> [Required work]:
Beginning with the first line of the data below, extract each line up to and including the one containing "by (simp add: sum_distrib_left". Copy them exactly and add nothing.

> [Dataset]:
--------------------------------------------------

lemma perturbation_overlap: assumes "j<n" "k<K'"
  shows "(\<Sum>i<n. V i j * (\<Sum>i'<n. (At i i' - P i i') * U i' k)) = (lam j - s k) * overlap j k"
proof -
  have "(\<Sum>i<n. V i j * (\<Sum>i'<n. (At i i' - P i i') * U i' k))
     = (\<Sum>i<n. \<Sum>i'<n. V i j * At i i' * U i' k) - (\<Sum>i<n. V i j * (\<Sum>i'<n. P i i' * U i' k))"
    by (simp add: sum_distrib_left algebra_simps sum_subtractf)
  also have "(\<Sum>i<n. \<Sum>i'<n. V i j * At i i' * U i' k) = (\<Sum>i'<n. (\<Sum>i<n. V i j * At i i') * U i' k)"
    unfolding sum_distrib_right by (rule sum.swap)
  also have "\<dots> = (\<Sum>i'<n. lam j * V i' j * U i' k)"
    using assms by (intro sum.cong refl) (simp add: V_mult_At)
  also have "(\<Sum>i<n. V i j * (\<Sum>i'<n. P i i' * U i' k)) = (\<Sum>i<n. V i j * (s k * U i k))"
    using assms by (intro sum.cong refl) (simp add: P_mult_U)
  finally show ?thesis
    by (simp add: overlap_def sum_distrib_left algebra_simps sum_subtractf)
qed

lemma overlap_sum_le: assumes "m \<le> n" shows "(\<Sum>j<m. \<Sum>k<K'. (overlap j k)\<^sup>2) \<le> real K'"
proof -
  have "(\<Sum>j<m. \<Sum>k<K'. (overlap j k)\<^sup>2) = (\<Sum>k<K'. \<Sum>j<m. (overlap j k)\<^sup>2)" by (rule sum.swap)
  also have "\<dots> \<le> (\<Sum>k<K'. \<Sum>j<n. (overlap j k)\<^sup>2)"
    using assms by (intro sum_mono sum_mono2) auto
  also have "\<dots> = (\<Sum>k<K'. 1)" by (intro sum.cong refl) (simp add: overlap_col_power2_sum)
  finally show ?thesis by simp
qed

lemma residual_orthogonal_U: "k<K' \<Longrightarrow> (\<Sum>i<n. U i k * residual j i) = 0"
proof -
  assume k: "k<K'"
  have "(\<Sum>i<n. U i k * residual j i)
      = (\<Sum>i<n. V i j * U i k) - (\<Sum>i<n. \<Sum>k'<K'. U i k * U i k' * overlap j k')"
    by (simp add: residual_def algebra_simps sum_subtractf sum_distrib_left)
  also have "(\<Sum>i<n. \<Sum>k'<K'. U i k * U i k' * overlap j k')
      = (\<Sum>k'<K'. (\<Sum>i<n. U i k * U i k') * overlap j k')"
    unfolding sum_distrib_right by (rule sum.swap)
  also have "\<dots> = overlap j k" using k by (simp add: U_orthonormal delta_mult)
  finally show ?thesis by (simp add: overlap_def)
qed

lemma residual_inner_V: "j<n \<Longrightarrow> (\<Sum>i<n. residual j i * V i j) = 1 - (\<Sum>k<K'. (overlap j k)\<^sup>2)"
proof -
  assume j: "j<n"
  have "(\<Sum>i<n. residual j i * V i j)
      = (\<Sum>i<n. (V i j)\<^sup>2) - (\<Sum>i<n. \<Sum>k<K'. V i j * U i k * overlap j k)"
    by (simp add: residual_def algebra_simps sum_subtractf sum_distrib_left sum_distrib_right
        power2_eq_square)
  also have "(\<Sum>i<n. \<Sum>k<K'. V i j * U i k * overlap j k) = (\<Sum>k<K'. (\<Sum>i<n. V i j * U i k) * overlap j k)"
    unfolding sum_distrib_right by (rule sum.swap)
  also have "\<dots> = (\<Sum>k<K'. (overlap j k)\<^sup>2)" by (simp add: overlap_def power2_eq_square)
  finally show ?thesis using V_col_power2_sum[OF j] by simp
qed

lemma residual_power2_sum: "j<n \<Longrightarrow> (\<Sum>i<n. (residual j i)\<^sup>2) = 1 - (\<Sum>k<K'. (overlap j k)\<^sup>2)"
proof -
  assume j: "j<n"
  have "(\<Sum>i<n. (residual j i)\<^sup>2)
      = (\<Sum>i<n. residual j i * V i j) - (\<Sum>i<n. \<Sum>k<K'. overlap j k * (U i k * residual j i))"
    by (simp add: power2_eq_square residual_def[of j i for i] algebra_simps sum_subtractf
        sum_distrib_left)
  also have "(\<Sum>i<n. \<Sum>k<K'. overlap j k * (U i k * residual j i))
      = (\<Sum>k<K'. overlap j k * (\<Sum>i<n. U i k * residual j i))"
    unfolding sum_distrib_left by (rule sum.swap)
  also have "\<dots> = 0" by (simp add: residual_orthogonal_U)
  finally show ?thesis using residual_inner_V[OF j] by simp
qed

lemma residual_mult_P: "(\<Sum>i<n. residual j i * P i i') = 0" if "i'<n"
proof -
  have "(\<Sum>i<n. residual j i * P i i') = (\<Sum>i<n. \<Sum>k<K'. (U i k * residual j i) * (s k * U i' k))"
    using that by (intro sum.cong refl) (simp add: P_eq sum_distrib_left mult_ac)
  also have "\<dots> = (\<Sum>k<K'. (\<Sum>i<n. U i k * residual j i) * (s k * U i' k))"
    unfolding sum_distrib_right by (rule sum.swap)
  finally show ?thesis by (simp add: residual_orthogonal_U)
qed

--------------------------------------------------

> [Written answer]:
lemma perturbation_overlap: assumes "j<n" "k<K'"
  shows "(\<Sum>i<n. V i j * (\<Sum>i'<n. (At i i' - P i i') * U i' k)) = (lam j - s k) * overlap j k"
proof -
  have "(\<Sum>i<n. V i j * (\<Sum>i'<n. (At i i' - P i i') * U i' k))
     = (\<Sum>i<n. \<Sum>i'<n. V i j * At i i' * U i' k) - (\<Sum>i<n. V i j * (\<Sum>i'<n. P i i' * U i' k))"
    by (simp add: sum_distrib_left algebra_simps sum_subtractf)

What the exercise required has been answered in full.